However, now it does seem that we have ended up in a somewhat complicated situation, with varying designs for expanded and compacted forms. There is another form (alluded to before) which now presents itself.

Alternative 4: Annotation Objects

This is a replacement for the currently defined @annotation mechanism. It is completely separate from the above alternatives (in an attempt to solve their challenges in a better, more uniform manner).

The key concept here is the introduction of annotation objects. These are objects representing the annotation of the arc itself, having one special key, @annotated, to provide the object of the arc. The presence of this key is what determines the nature of the object to be an annotation object. (Similarly to how the presence of @value, @list or @graph determines the nature of value, list or graph objects, respectively.)

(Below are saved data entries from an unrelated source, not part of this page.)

lemma ereal_integral_le_nn_integral:
  fixes f :: "'a \<Rightarrow> real"
  assumes "integrable M f"
  shows "ereal (\<integral>x. f x \<partial>M) \<le> enn2ereal (\<integral>\<^sup>+x. ennreal (f x) \<partial>M)"
proof -
  have pos: "integrable M (\<lambda>x. max (f x) 0)"
    using assms by (intro integrable_max) simp_all
  have "(\<integral>x. f x \<partial>M) \<le> (\<integral>x. max (f x) 0 \<partial>M)"
    using assms pos by (rule integral_mono) simp
  also have "ennreal (\<integral>x. max (f x) 0 \<partial>M) = (\<integral>\<^sup>+x. ennreal (f x) \<partial>M)"
    using nn_integral_eq_integral[OF pos] by simp
  ultimately show ?thesis
    by (metis enn2ereal_ennreal ereal_less_eq(3) integral_nonneg_AE AE_I2 max.cobounded2)
qed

(They are structurally similar to the form of annotation containers, but do not require context definitions, since they represent the default form whenever annotations are present on an arc.)

(It is also quite similar to the schema:Role design but has this specific key to carry the object, rather than repeating the predicate. It even harkens back to the olden days of rdf:value in early RDF designs for reification, but that's an aside. Here it certainly represents an annotated arc as defined in RDF-star, and not specific RDF vocabularies.)

1. "Bare" Form

Including an annotated exampleOfWork link to show how this would be the regular form for annotations:

{
  "@context": {
    "@vocab": "https://schema.org/",
    "diff": "http://example.org/diff#",
    "addedIn": "diff:addedIn",
    "removedIn": "diff:removedIn",
    "datePublished": {"@id": "datePublished", "@type": "Date"}
  },

  "@id": "/item/1",
  "@type": [
    {
      "@annotated": "CreativeWork",
      "addedIn": {"@id": "rev1"},
      "removedIn": {"@id": "rev2"}
    },
    {
      "@annotated": "Book",
      "addedIn": {"@id": "rev2"}
    }
  ],
  "datePublished": {
    "@annotated": "2021-12-22",
    "addedIn": {"@id": "rev2"}
  },
  "exampleOfWork": {
    "@annotated": {"@id": "/work/1"},
    "addedIn": {"@id": "rev3"}
  }
}

(Note that annotation objects must be allowed as values for @type, provided that the @annotated value is an acceptable @type value.)

2. Using Scoped Contexts

A mechanism would be required for these terms to be selected for compaction, over the bare form, based on whether their objects are annotation objects. Here this is defined using a new @type: @annotated declaration on term definitions in the context.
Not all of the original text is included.